REPUBLIKA.CO.ID, RAMALLAH – Kelompok hak asasi European Coordination of Committees and Association for Palestine (ECCP) mendesak Uni Eropa mengambil tindakan untuk melawan rencana Israel mencaplok Tepi Barat. Hal itu disampaikan ECCP melalui surat yang dikirimnya kepada Perwakilan Tinggi Uni Eropa untuk Urusan Luar Negeri Josep Borrell.
Dalam surat itu, ECCP mengatakan ini bukan pertama kalinya Israel berupaya untuk secara ilegal mencaplok bagian dari wilayah yang didudukinya. Israel, kata ECCP, telah mencaplok Yerusalem Timur pada 1967 dan Dataran Tinggi Golan, Suriah, pada 1981. Keduanya merupakan pelanggaran berat hukum internasional.
Israel turut memblokade Jalur Gaza selama 13 tahun terakhir. Memicu salah satu krisis kemanusiaan terburuk di dunia. ECCP mendesak Borrell melaksanakan pernyataannya pada Februari lalu, yakni saat dia memperingatkan Israel bahwa langkah menuju pencaplokan, jika dilakukan, tidak dapat dilewati tanpa hambatan.
ECCP mendesak Uni Eropa mengambil langkah konkret. Misalnya dengan menangguhkan European Union-Israel Association Agreement dan mengecualikan Israel dari partisipasi dalam European Union Framework Programs.
ECCP mengungkapkan di bawah hukum internasional, Uni Eropa secara keseluruhan dan masing-masing negara anggotanya memiliki kewajiban melarang perdagangan dengan permukiman ilegal Israel.
ECCP mengatakan, karena mengizinkan entitas semacam itu berdagang secara bebas dan memperoleh keuntungan dari pendudukan itu melanggar tugas-tugas tak mengakui serta tak membantu pelanggaran serius hukum internasional.
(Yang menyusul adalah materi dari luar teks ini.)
(* Let $\mathcal{A}:\mathbb{C}^{m\times n}\to\mathbb{C}^p$ be linear with rank-restricted isometry constant $\delta_r(\mathcal{A})$, let $\Psi\subset\mathbb{O}$ be a set of atoms with $|\Psi|\le r$, and let $\mathcal{P}:\mathbb{C}^{m\times n}\to\mathbb{C}^{m\times n}$ be an orthogonal projection operator that commutes with $\mathcal{P}_\Psi$. Then $$(1-\delta_r(\mathcal{A}))\|\mathcal{P}\mathcal{P}_\Psi X\|_F\le\|\mathcal{P}\mathcal{P}_\Psi\mathcal{A}^*\mathcal{A}\mathcal{P}\mathcal{P}_\Psi X\|_F\quad\text{for all }X\in\mathbb{C}^{m\times n}.$$
   Context: $\mathbb{C}^p$ has inner product $\langle x,y\rangle=y^Hx$ and norm $\|\cdot\|_2$; $\mathbb{C}^{m\times n}$ has inner product $\langle X,Y\rangle=\mathrm{tr}(Y^HX)$ and Frobenius norm $\|\cdot\|_F$; $\mathcal{A}^*$ is the adjoint of $\mathcal{A}$. $\delta_r(\mathcal{A})$ is the smallest $\delta\ge0$ such that $(1-\delta)\|X\|_F^2\le\|\mathcal{A}X\|_2^2\le(1+\delta)\|X\|_F^2$ for all $X$ with $\mathrm{rank}(X)\le r$. The set of atoms $\mathbb{O}$ is a set of unit-Frobenius-norm rank-one matrices in $\mathbb{C}^{m\times n}$ such that every nonzero rank-one matrix is a scalar multiple of exactly one element of $\mathbb{O}$. For $\Psi\subset\mathbb{O}$, $\mathcal{P}_\Psi$ is the orthogonal projection of $\mathbb{C}^{m\times n}$ onto $\mathrm{span}(\Psi)$. *)

theory Defs
  imports "HOL-Analysis.Analysis"
begin
(* Let $\{a_n\}_{n\ge1}$ be a sequence of positive real numbers. Suppose that at least one of the following holds: either $\frac{a_{2n}}{a_n}>1$ for all sufficiently large $n$, or $\frac{a_{2n+1}}{a_n}>1+\frac{1}{2n}$ for all sufficiently large $n$. Then $\sum_{n=1}^\infty a_n$ diverges. *)

theory Defs
  imports Complex_Main
begin

end

theory Submission
  imports Defs
begin

text \<open>The condition forces \<open>a n \<le> a (2 * n + c)\<close> for large \<open>n\<close> and a fixed \<open>c \<le> 1\<close>.
  Since \<open>n \<mapsto> 2 * n + c\<close> maps \<open>[L, 2L)\<close> injectively into \<open>[2L, 4L)\<close>, the sums of \<open>a\<close>
  over the dyadic blocks \<open>[2^k N, 2^(k+1) N)\<close> are nondecreasing in \<open>k\<close>, hence bounded below by a
  positive constant, whereas for a convergent series they must tend to \<open>0\<close>.\<close>

lemma dyadic_block_sum_le_next:
  fixes a :: "nat \<Rightarrow> 'a::ordered_comm_monoid_add"
  assumes nonneg: "\<And>n. n \<ge> L \<Longrightarrow> a n \<ge> 0"
    and "c \<le> 1"
    and le_step: "\<And>n. n \<ge> L \<Longrightarrow> a n \<le> a (2 * n + c)"
  shows "sum a {L..<2 * L} \<le> sum a {2 * L..<4 * L}"
proof -
  let ?f = "\<lambda>n. 2 * n + c"
  have "inj_on ?f {L..<2 * L}" by (auto simp: inj_on_def)
  moreover have "?f ` {L..<2 * L} \<subseteq> {2 * L..<4 * L}" using \<open>c \<le> 1\<close> by auto
  ultimately have "sum a {L..<2 * L} \<le> sum (a \<circ> ?f) {L..<2 * L}"
    by (intro sum_mono) (simp add: le_step)
  also have "\<dots> = sum a (?f ` {L..<2 * L})"
    using \<open>inj_on ?f {L..<2 * L}\<close> by (simp add: sum.reindex)
  also have "\<dots> \<le> sum a {2 * L..<4 * L}"
    using \<open>?f ` {L..<2 * L} \<subseteq> {2 * L..<4 * L}\<close> by (intro sum_mono2) (auto intro: nonneg)
  finally show ?thesis .
qed

lemma summable_dyadic_block_sum_tendsto_zero:
  fixes a :: "nat \<Rightarrow> 'a::real_normed_vector"
  assumes "summable a"
  shows "(\<lambda>L. sum a {L..<2 * L}) \<longlonglongrightarrow> 0"
proof -
  have partial: "(\<lambda>n. sum a {..<n}) \<longlonglongrightarrow> suminf a"
    using assms by (rule summable_LIMSEQ)
  have "filterlim (\<lambda>L::nat. 2 * L) sequentially sequentially"
    by (rule mult_nat_left_at_top) simp
  with partial have "(\<lambda>L. sum a {..<2 * L}) \<longlonglongrightarrow> suminf a"
    by (rule filterlim_compose)
  then have "(\<lambda>L. sum a {..<2 * L} - sum a {..<L}) \<longlonglongrightarrow> suminf a - suminf a"
    using partial by (rule tendsto_diff)
  moreover have "sum a {..<2 * L} - sum a {..<L} = sum a {L..<2 * L}" for L
    unfolding lessThan_atLeast0 by (rule sum_diff_nat_ivl) simp_all
  ultimately show ?thesis by simp
qed

lemma not_summable_if_eventually_le_double:
  fixes a :: "nat \<Rightarrow> real"
  assumes pos: "\<forall>\<^sub>F n in sequentially. a n > 0"
    and "c \<le> 1"
    and le_step: "\<forall>\<^sub>F n in sequentially. a n \<le> a (2 * n + c)"
  shows "\<not> summable a"
proof
  assume "summable a"
  obtain N where N: "N \<ge> 1" "\<And>n. n \<ge> N \<Longrightarrow> a n > 0 \<and> a n \<le> a (2 * n + c)"
    using eventually_conj[OF pos le_step] eventually_ge_at_top[of 1]
    by (metis (no_types, lifting) eventually_sequentially max.bounded_iff nle_le)
  define B where "B L = sum a {L..<2 * L}" for L
  have B_step: "B L \<le> B (2 * L)" if "L \<ge> N" for L
  proof -
    have "B L \<le> sum a {2 * L..<4 * L}"
      unfolding B_def by (rule dyadic_block_sum_le_next)
        (use N(2) that \<open>c \<le> 1\<close> in \<open>auto intro: less_imp_le\<close>)
    moreover have "2 * (2 * L) = 4 * L" by simp
    ultimately show ?thesis by (simp only: B_def)
  qed
  have B_lower: "B N \<le> B (2 ^ k * N)" for k
  proof (induction k)
    case (Suc k)
    have "2 ^ k * N \<ge> N" by simp
    then show ?case using Suc.IH B_step[of "2 ^ k * N"] by (simp add: mult.assoc)
  qed simp
  have "B N \<ge> a N"
    unfolding B_def using N by (intro member_le_sum) (auto intro: less_imp_le)
  with N have "B N > 0" by (meson le_refl less_le_trans)
  have "strict_mono (\<lambda>k::nat. 2 ^ k * N)"
    using N(1) unfolding strict_mono_Suc_iff by simp
  then have "(\<lambda>k. B (2 ^ k * N)) \<longlonglongrightarrow> 0"
    using LIMSEQ_subseq_LIMSEQ[OF summable_dyadic_block_sum_tendsto_zero[OF \<open>summable a\<close>]]
    by (simp add: B_def comp_def)
  then have "B N \<le> 0"
    by (rule LIMSEQ_le_const) (use B_lower in blast)
  with \<open>B N > 0\<close> show False by simp
qed

theorem corollary2p1p4:
  fixes a :: "nat \<Rightarrow> real"
  assumes pos: "\<And>n. n \<ge> 1 \<Longrightarrow> a n > 0"
    and cond: "(\<forall>\<^sub>F n in sequentially. a (2 * n) / a n > 1)
             \<or> (\<forall>\<^sub>F n in sequentially. a (2 * n + 1) / a n > 1 + 1 / (2 * real n))"
  shows "\<not> summable (\<lambda>n. a (n + 1))"
proof -
  have eventually_pos: "\<forall>\<^sub>F n in sequentially. a n > 0"
    using eventually_ge_at_top[of 1] by eventually_elim (rule pos)
  from cond have "\<exists>c\<le>1. \<forall>\<^sub>F n in sequentially. a n \<le> a (2 * n + c)"
  proof
    assume "\<forall>\<^sub>F n in sequentially. a (2 * n) / a n > 1"
    with eventually_pos have "\<forall>\<^sub>F n in sequentially. a n \<le> a (2 * n + 0)"
      by eventually_elim simp
    then show ?thesis by blast
  next
    assume "\<forall>\<^sub>F n in sequentially. a (2 * n + 1) / a n > 1 + 1 / (2 * real n)"
    with eventually_pos have "\<forall>\<^sub>F n in sequentially. a n \<le> a (2 * n + 1)"
    proof eventually_elim
      case (elim n)
      have "a n \<le> (1 + 1 / (2 * real n)) * a n"
        using elim(1) by (simp add: distrib_right)
      also have "\<dots> < a (2 * n + 1)"
        using elim by (simp add: less_divide_eq)
      finally show ?case by simp
    qed
    then show ?thesis by blast
  qed
  then have "\<not> summable a"
    using eventually_pos not_summable_if_eventually_le_double by blast
  then show ?thesis by (simp add: summable_Suc_iff)
qed

end
lemma exists_unit_orthogonal:
  fixes T :: "(real^'n) set"
  assumes "finite T" "card T < CARD('n)"
  shows "\<exists>x. x \<bullet> x = 1 \<and> (\<forall>y\<in>T. x \<bullet> y = 0)"
proof -
  have "dim T < DIM(real^'n)" using dim_le_card'[OF assms(1)] assms(2) by simp
  then obtain x where x: "x \<noteq> 0" "\<And>y. y \<in> span T \<Longrightarrow> orthogonal x y"
    using orthogonal_to_subspace_exists by blast
  have "(x /\<^sub>R norm x) \<bullet> (x /\<^sub>R norm x) = 1"
    using x(1) by (simp add: power2_norm_eq_inner[symmetric] power2_eq_square)
  moreover have "\<forall>y\<in>T. (x /\<^sub>R norm x) \<bullet> y = 0"
    using x(2) by (auto simp: orthogonal_def span_base)
  ultimately show ?thesis by blast
qed

lemma orthonormal_on_insert:
  assumes "orthonormal_on A q" "b \<notin> A" "x \<bullet> x = 1" "\<forall>a\<in>A. x \<bullet> q a = 0"
  shows "orthonormal_on (insert b A) (q(b := x))"
  using assms unfolding orthonormal_on_def by (auto simp: inner_commute)

lemma orthonormal_on_extend:
  fixes q :: "'n::finite \<Rightarrow> real^'n"
  assumes "orthonormal_on A q"
  shows "\<exists>q'. (\<forall>i\<in>A. q' i = q i) \<and> orthonormal_on UNIV q'"
proof -
  have "\<exists>q'. (\<forall>i\<in>A. q' i = q i) \<and> orthonormal_on (A \<union> C) q'" if "finite C" for C
    using that
  proof (induction C rule: finite_induct)
    case empty
    then show ?case using assms by auto
  next
    case (insert c C)
    then obtain q' where q': "\<forall>i\<in>A. q' i = q i" "orthonormal_on (A \<union> C) q'" by blast
    show ?case
    proof (cases "c \<in> A \<union> C")
      case True
      then show ?thesis using q' by (auto simp: insert_absorb)
    next
      case False
      have "card (q' ` (A \<union> C)) \<le> card (A \<union> C)" by (rule card_image_le) simp
      also have "\<dots> < CARD('n)" using False by (intro psubset_card_mono) auto
      finally obtain x where "x \<bullet> x = 1" "\<forall>a\<in>A \<union> C. x \<bullet> q' a = 0"
        using exists_unit_orthogonal[of "q' ` (A \<union> C)"] by auto
      then have "orthonormal_on (insert c (A \<union> C)) (q'(c := x))"
        using orthonormal_on_insert[OF q'(2) False] by blast
      moreover have "\<forall>i\<in>A. (q'(c := x)) i = q i" using q'(1) False by simp
      ultimately show ?thesis by (metis Un_insert_right)
    qed
  qed
  from this[of UNIV] show ?thesis by simp
qed

lemma column_of_columns: "column c ((\<chi> r c. p c $ r)::real^'n^'n) = p c"
  by (simp add: column_def vec_eq_iff)

lemma orthogonal_matrix_of_orthonormal_columns:
  fixes p :: "'n::finite \<Rightarrow> real^'n"
  assumes "orthonormal_on UNIV p"
  shows "orthogonal_matrix ((\<chi> r c. p c $ r)::real^'n^'n)"
  using assms unfolding orthogonal_matrix_orthonormal_columns column_of_columns
  by (auto simp: orthonormal_on_def norm_eq_1 orthogonal_def)

lemma matrix_vector_mult_uminus: "(N::real^'n^'m) *v (- x) = - (N *v x)"
  by (simp add: vec_eq_iff matrix_vector_mult_def sum_negf)

lemma rayleigh_stationary:
  fixes N :: "real^'n^'m"
  assumes max: "\<And>t. (N *v (p + t *\<^sub>R r)) \<bullet> (N *v (p + t *\<^sub>R r)) \<le> \<mu> * ((p + t *\<^sub>R r) \<bullet> (p + t *\<^sub>R r))"
    and "p \<bullet> p = 1" "p \<bullet> r = 0" "\<mu> = (N *v p) \<bullet> (N *v p)"
    and "(N *v p) \<bullet> (N *v r) = r \<bullet> r"
  shows "r = 0"
proof -
  define R where "R = r \<bullet> r"
  define K where "K = (N *v r) \<bullet> (N *v r)"
  have ineq: "2 * t * R + t^2 * K \<le> \<mu> * t^2 * R" for t
  proof -
    have "(N *v (p + t *\<^sub>R r)) \<bullet> (N *v (p + t *\<^sub>R r)) = \<mu> + 2 * t * R + t^2 * K"
      using assms(4-) by (simp add: matrix_vector_right_distrib matrix_vector_mult_scaleR
          inner_add_left inner_add_right inner_commute R_def K_def power2_eq_square algebra_simps)
    moreover have "(p + t *\<^sub>R r) \<bullet> (p + t *\<^sub>R r) = 1 + t^2 * R"
      using assms(2,3) by (simp add: inner_add_left inner_add_right inner_commute R_def power2_eq_square)
    ultimately show ?thesis using max[of t] by (simp add: algebra_simps)
  qed
  \<comment> \<open>At t = R / D the linear term 2 t R dominates, which forces R = 0.\<close>
  define D where "D = \<bar>\<mu> * R\<bar> + \<bar>K\<bar> + 1"
  have D: "D > 0" by (simp add: D_def)
  define t where "t = R / D"
  have "2 * t * R \<le> t^2 * (\<mu> * R - K)" using ineq[of t] by (simp add: algebra_simps)
  also have "\<dots> \<le> t^2 * D" by (intro mult_left_mono) (auto simp: D_def)
  also have "\<dots> = t * R" using D by (simp add: t_def power2_eq_square)
  finally have "t * R \<le> 0" by (simp add: mult.commute)
  then have "R * R \<le> 0" using D by (simp add: t_def divide_le_0_iff)
  then have "R = 0" using inner_ge_zero[of r] by (simp add: R_def mult_le_0_iff)
  then show ?thesis by (simp add: R_def)
qed

definition gram_form :: "real^'n^'m \<Rightarrow> real^'m \<Rightarrow> real" where
  "gram_form M y = (transpose M *v y) \<bullet> (transpose M *v y)"

lemma rayleigh_maximizer_eigenvector:
  fixes M :: "real^'n^'n"
  assumes eig: "\<And>w. w \<in> W \<Longrightarrow> \<exists>c. M *v (transpose M *v w) = c *\<^sub>R w"
    and x: "x \<bullet> x = 1" "\<forall>w\<in>W. x \<bullet> w = 0"
    and max: "\<And>y. \<forall>w\<in>W. y \<bullet> w = 0 \<Longrightarrow> gram_form M y \<le> gram_form M x * (y \<bullet> y)"
  shows "M *v (transpose M *v x) = gram_form M x *\<^sub>R x"
proof -
  have adj: "(transpose M *v y) \<bullet> z = y \<bullet> (M *v z)" for y z
    using inner_matrix_vector_transpose[of "transpose M" y z] by simp
  define r where "r = M *v (transpose M *v x) - gram_form M x *\<^sub>R x"
  have r_W: "r \<bullet> w = 0" if w: "w \<in> W" for w
  proof -
    obtain c where "M *v (transpose M *v w) = c *\<^sub>R w" using eig[OF w] by blast
    then have "(M *v (transpose M *v x)) \<bullet> w = 0"
      using x(2) w by (simp add: inner_matrix_vector_transpose adj)
    then show ?thesis using x(2) w by (simp add: r_def inner_diff_left)
  qed
  have r_x: "x \<bullet> r = 0"
    using x(1) by (simp add: r_def inner_diff_right gram_form_def adj[symmetric] inner_commute)
  have "r = 0"
  proof (rule rayleigh_stationary[where N = "transpose M" and p = x and \<mu> = "gram_form M x"])
    show "(transpose M *v (x + t *\<^sub>R r)) \<bullet> (transpose M *v (x + t *\<^sub>R r))
        \<le> gram_form M x * ((x + t *\<^sub>R r) \<bullet> (x + t *\<^sub>R r))" for t
      using max[of "x + t *\<^sub>R r"] x(2) r_W by (simp add: gram_form_def inner_add_left)
    have "(transpose M *v x) \<bullet> (transpose M *v r) = r \<bullet> (M *v (transpose M *v x))"
      by (subst inner_commute) (rule adj)
    also have "\<dots> = r \<bullet> (r + gram_form M x *\<^sub>R x)" by (simp add: r_def)
    finally show "(transpose M *v x) \<bullet> (transpose M *v r) = r \<bullet> r"
      using r_x by (simp add: inner_add_right inner_commute)
  qed (use x(1) r_x in \<open>simp_all add: gram_form_def\<close>)
  then show ?thesis by (simp add: r_def)
qed
theorem theorem1:
  fixes d :: "'a \<Rightarrow> 'a \<Rightarrow> real" and T :: "'a \<Rightarrow> 'a"
    and G :: "'a \<Rightarrow> 'a \<Rightarrow> real" and \<phi> :: "real \<Rightarrow> real"
  assumes "symmetric_on d" and "triangular d" and "zero_complete d"
    and "d_asymptotic d T"
    and "G \<in> {M1 d, M2 d T, M3 d T}"
    and "nearly_right_admissible \<phi>"
    and "contractive d G \<phi> T"
  shows "global_picard_operator d T"
proof -
  interpret phi_contraction d T G \<phi>
    using assms by unfold_locales (simp_all add: nearly_right_admissible_def)
  have steps: "(\<lambda>n. d ((T ^^ n) x) ((T ^^ Suc n) x)) \<longlonglongrightarrow> 0" for x
    using \<open>d_asymptotic d T\<close> by (simp add: d_asymptotic_def)
  have picard: "picard_point d T x" for x
    using orbit_zd_Cauchy[OF \<open>nearly_right_admissible \<phi>\<close> steps] orbit_limit_fixed[OF steps]
      \<open>zero_complete d\<close>
    by (auto simp: picard_point_def zero_complete_def Fix_d_def)
  then have "Fix_d T d \<noteq> {}"
    by (auto simp: picard_point_def zd_convergent_def)
  then show ?thesis
    using picard fixed_points_dist_eq_zero
    by (auto simp: global_picard_operator_def picard_operator_def d_singleton_def Fix_d_def)
qed

end
(* For each $n\ge1$ let $k_n\in\mathbb{N}$, let $X_{n,1},\dots,X_{n,k_n}$ be independent centred random variables with $\mathbb{V}(X_{n,i})=1$, and let $a_{n,i}\ge 0$ be reals with $\sum_{i=1}^{k_n}a_{n,i}^2=1$. Set $X_n=\sum_{i=1}^{k_n}a_{n,i}X_{n,i}$. Suppose that for each fixed $i$, $X_{n,i}\to N(0,1)$ in distribution as $n\to\infty$ (along those $n$ with $k_n\ge i$), and that $$\lim_{k\to\infty}\sup_n\sum_{i=k}^{k_n}a_{n,i}^2=0$$ (empty sums being $0$). Then $X_n\to N(0,1)$ in distribution. *)

theory Defs
  imports "HOL-Probability.Probability"
begin

text \<open>Weak convergence (convergence in distribution) of a sequence of real distributions
  along the subsequence of indices in S, i.e. convergence of the cdfs at every continuity
  point of the limit cdf, with n tending to infinity inside S.
  (If S is finite the filter is trivial and the condition is vacuous.)\<close>
definition weak_conv_m_within :: "(nat \<Rightarrow> real measure) \<Rightarrow> real measure \<Rightarrow> nat set \<Rightarrow> bool" where
  "weak_conv_m_within \<mu> N S \<equiv>
     \<forall>x. isCont (cdf N) x \<longrightarrow> ((\<lambda>n. cdf (\<mu> n) x) \<longlongrightarrow> cdf N x) (sequentially \<sqinter> principal S)"

end

theory Submission
  imports Defs
begin

text \<open>
  By Levy's continuity theorem it suffices that the characteristic function of \<open>X\<^sub>n\<close>, which
  by independence is the product of the \<open>\<phi>\<^sub>n\<^sub>i(a\<^sub>n\<^sub>i t)\<close>, tends to \<open>exp(-t\<^sup>2/2)\<close>; since
  \<open>\<Sum>\<^sub>i a\<^sub>n\<^sub>i\<^sup>2 = 1\<close>, the latter is the product of the \<open>exp(-(a\<^sub>n\<^sub>i t)\<^sup>2/2)\<close>. All factors
  lie in the unit disc, so the two products differ by at most the sum of the
  \<open>|\<phi>\<^sub>n\<^sub>i(a\<^sub>n\<^sub>i t) - exp(-(a\<^sub>n\<^sub>i t)\<^sup>2/2)|\<close>. A second-order Taylor bound makes the
  \<open>i\<close>-th term at most \<open>2 t\<^sup>2 a\<^sub>n\<^sub>i\<^sup>2\<close>, so by the tail condition the terms with \<open>i \<ge> j\<close>
  are small uniformly in \<open>n\<close>. Each of the finitely many remaining terms tends to zero:
  unit variance makes every \<open>\<phi>\<^sub>n\<^sub>i\<close> 1-Lipschitz, which upgrades the pointwise
  convergence \<open>\<phi>\<^sub>n\<^sub>i \<rightarrow> exp(-s\<^sup>2/2)\<close> to uniform convergence on \<open>[-|t|, |t|]\<close>.
\<close>

lemma sequentially_inf_principal_finite:
  assumes "finite (S :: nat set)"
  shows "sequentially \<sqinter> principal S = bot"
proof -
  have "eventually (\<lambda>n. n \<notin> S) sequentially"
    using assms by (simp add: cofinite_eq_sequentially[symmetric] eventually_cofinite)
  then have "eventually (\<lambda>_. False) (sequentially \<sqinter> principal S)"
    by (simp add: eventually_inf_principal)
  then show ?thesis by (simp add: eventually_False)
qed

lemma sequentially_inf_principal_infinite:
  assumes "infinite (S :: nat set)"
  shows "sequentially \<sqinter> principal S = filtermap (enumerate S) sequentially"
proof (rule filter_eq_iff[THEN iffD2], intro allI iffI)
  fix P
  assume "eventually P (sequentially \<sqinter> principal S)"
  then obtain N where N: "\<And>n. n \<ge> N \<Longrightarrow> n \<in> S \<Longrightarrow> P n"
    by (auto simp: eventually_inf_principal eventually_sequentially)
  have "P (enumerate S m)" if "m \<ge> N" for m
    using N[of "enumerate S m"] le_enumerate[OF assms, of m] that enumerate_in_set[OF assms]
    by simp
  then show "eventually P (filtermap (enumerate S) sequentially)"
    by (auto simp: eventually_filtermap eventually_sequentially)
next
  fix P
  assume "eventually P (filtermap (enumerate S) sequentially)"
  then obtain M where M: "\<And>m. m \<ge> M \<Longrightarrow> P (enumerate S m)"
    by (auto simp: eventually_filtermap eventually_sequentially)
  have "P n" if "n \<ge> enumerate S M" and "n \<in> S" for n
  proof -
    obtain m where m: "enumerate S m = n"
      using enumerate_Ex[OF assms \<open>n \<in> S\<close>] by blast
    then have "m \<ge> M"
      using \<open>n \<ge> enumerate S M\<close> assms by (metis enumerate_mono_le_iff)
    then show ?thesis using M m by blast
  qed
  then show "eventually P (sequentially \<sqinter> principal S)"
    by (auto simp: eventually_inf_principal eventually_sequentially)
qed

lemma uniform_limit_equi_lipschitz:
  fixes f :: "'i \<Rightarrow> 'a::metric_space \<Rightarrow> 'b::metric_space"
  assumes "compact S"
    and lim: "\<And>s. s \<in> S \<Longrightarrow> ((\<lambda>n. f n s) \<longlongrightarrow> g s) F"
    and lip_f: "\<forall>\<^sub>F n in F. L-lipschitz_on S (f n)"
    and lip_g: "L-lipschitz_on S g"
  shows "uniform_limit S f g F"
  unfolding uniform_limit_iff
proof (intro allI impI)
  fix e :: real
  assume "e > 0"
  have "L \<ge> 0" using lip_g by (rule lipschitz_on_nonneg)
  define d where "d = e / (3 * (L + 1))"
  have "d > 0" and Ld: "L * d < e / 3"
    using \<open>e > 0\<close> \<open>L \<ge> 0\<close> by (auto simp: d_def field_simps)
  obtain G where "G \<subseteq> S" "finite G" and cover: "S \<subseteq> (\<Union>p\<in>G. ball p d)"
    using compactE_image[OF \<open>compact S\<close>, of S "\<lambda>p. ball p d"] \<open>d > 0\<close> by force
  have "\<forall>\<^sub>F n in F. \<forall>p\<in>G. dist (f n p) (g p) < e / 3"
  proof (rule eventually_ball_finite[OF \<open>finite G\<close>], rule ballI)
    fix p assume "p \<in> G"
    then have "((\<lambda>n. f n p) \<longlongrightarrow> g p) F" using \<open>G \<subseteq> S\<close> lim by auto
    then show "\<forall>\<^sub>F n in F. dist (f n p) (g p) < e / 3"
      by (rule tendstoD) (use \<open>e > 0\<close> in simp)
  qed
  then show "\<forall>\<^sub>F n in F. \<forall>s\<in>S. dist (f n s) (g s) < e"
    using lip_f
  proof eventually_elim
    case (elim n)
    show ?case
    proof
      fix s assume "s \<in> S"
      then obtain p where "p \<in> G" "dist p s < d"
        using cover by auto
      with \<open>G \<subseteq> S\<close> have "p \<in> S" by auto
      have "dist (f n s) (f n p) \<le> L * d"
        using lipschitz_onD[OF elim(2) \<open>s \<in> S\<close> \<open>p \<in> S\<close>] \<open>dist p s < d\<close> \<open>L \<ge> 0\<close>
        by (metis dist_commute less_imp_le mult_left_mono order_trans)
      moreover have "dist (g p) (g s) \<le> L * d"
        using lipschitz_onD[OF lip_g \<open>p \<in> S\<close> \<open>s \<in> S\<close>] \<open>dist p s < d\<close> \<open>L \<ge> 0\<close>
        by (metis less_imp_le mult_left_mono order_trans)
      moreover have "dist (f n p) (g p) < e / 3"
        using elim(1) \<open>p \<in> G\<close> by blast
      ultimately have "dist (f n s) (g s) < L * d + e / 3 + L * d"
        using dist_triangle[where x = "f n s" and y = "f n p" and z = "g s"]
          dist_triangle[where x = "f n p" and y = "g p" and z = "g s"] by linarith
      also have "\<dots> < e" using Ld by linarith
      finally show "dist (f n s) (g s) < e" .
    qed
  qed
qed

lemma tendsto_dist_uniform_limit:
  assumes "uniform_limit S f g F" "\<forall>\<^sub>F n in F. x n \<in> S"
  shows "((\<lambda>n. dist (f n (x n)) (g (x n))) \<longlongrightarrow> 0) F"
proof (rule tendstoI)
  fix e :: real assume "e > 0"
  with assms(1) have "\<forall>\<^sub>F n in F. \<forall>s\<in>S. dist (f n s) (g s) < e"
    by (simp add: uniform_limit_iff)
  with assms(2) show "\<forall>\<^sub>F n in F. dist (dist (f n (x n)) (g (x n))) 0 < e"
    by eventually_elim auto
qed

lemma sum_atLeastAtMost_split_head:
  fixes f :: "nat \<Rightarrow> 'a::comm_monoid_add"
  assumes "1 \<le> j"
  shows "(\<Sum>i=1..m. f i) = (\<Sum>i\<in>{1..<j}. if i \<le> m then f i else 0) + (\<Sum>i=j..m. f i)"
proof -
  have "{1..m} = ({1..<j} \<inter> {1..m}) \<union> {j..m}" "({1..<j} \<inter> {1..m}) \<inter> {j..m} = {}"
    using assms by auto
  then have "(\<Sum>i=1..m. f i) = (\<Sum>i\<in>{1..<j} \<inter> {1..m}. f i) + (\<Sum>i=j..m. f i)"
    by (metis finite_Int finite_atLeastAtMost sum.union_disjoint)
  then show ?thesis
    by (simp add: sum.inter_restrict)
qed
Situasi saat ini tidak dapat dibiarkan berlanjut jika Uni Eropa serius tentang komitmennya terhadap hak asasi manusia dan supremasi hukum.
"Dalam konteks ini kami, sebuah koalisi 40 organisasi masyarakat sipil dan lembaga swadaya masyarakat dari 20 negara Eropa, meminta Anda menentukan tindakan seperti apa yang akan diterapkan oleh pemerintah Uni Eropa dan Eropa untuk mencegah aneksasi Israel secara ilegal," tulis ECCP dalam suratnya seperti dikutip laman kantor berita Palestina, WAFA, Sabtu (9/5).
Sebelumnya Duta Besar Amerika Serikat (AS) untuk Israel David Friedman mengatakan negaranya siap mengakui kedaulatan Israel di Tepi Barat setelah syarat-syarat yang ditetapkan negaranya dilaksanakan.
Mereka antara lain, menyelesaikan pemetaan, menghentikan pembangunan permukiman Israel di Area C yang dikecualikan dari aneksasi, dan ketika Perdana Menteri Benjamin Netanyahu setuju untuk bernegosiasi dengan Palestina sesuai dengan rencana perdamaian AS.
"Washington tidak berencana untuk memaksakan syarat baru bagi langkah itu," kata Friedman dalam sebuah wawancara dengan harian Israel, Hayom, seperti dikutip laman Anadolu Agency, Rabu (6/5).
Setelah hal-hal itu terpenuhi, AS akan mengakui kedaulatan Israel di sebagian wilayah Tepi Barat. “Bukan AS yang mendeklarasikan kedaulatan tetapi pemerintah Israel. Setelah itu, AS siap untuk mengenalinya," ujarnya.
Israel diperkirakan akan melakukan aneksasi pada 1 Juli, sebagaimana disepakati antara Netanyahu dan kepala partai Biru dan Putih Benny Gantz. Keduanya saat ini membentuk pemerintah persatuan.
Sebagian besar pemukiman yang ingin dicaplok Israel terletak di Area C yang membentuk sekitar 60 persen dari Tepi Barat. Wilayah itu diketahui berada di bawah kendali Israel.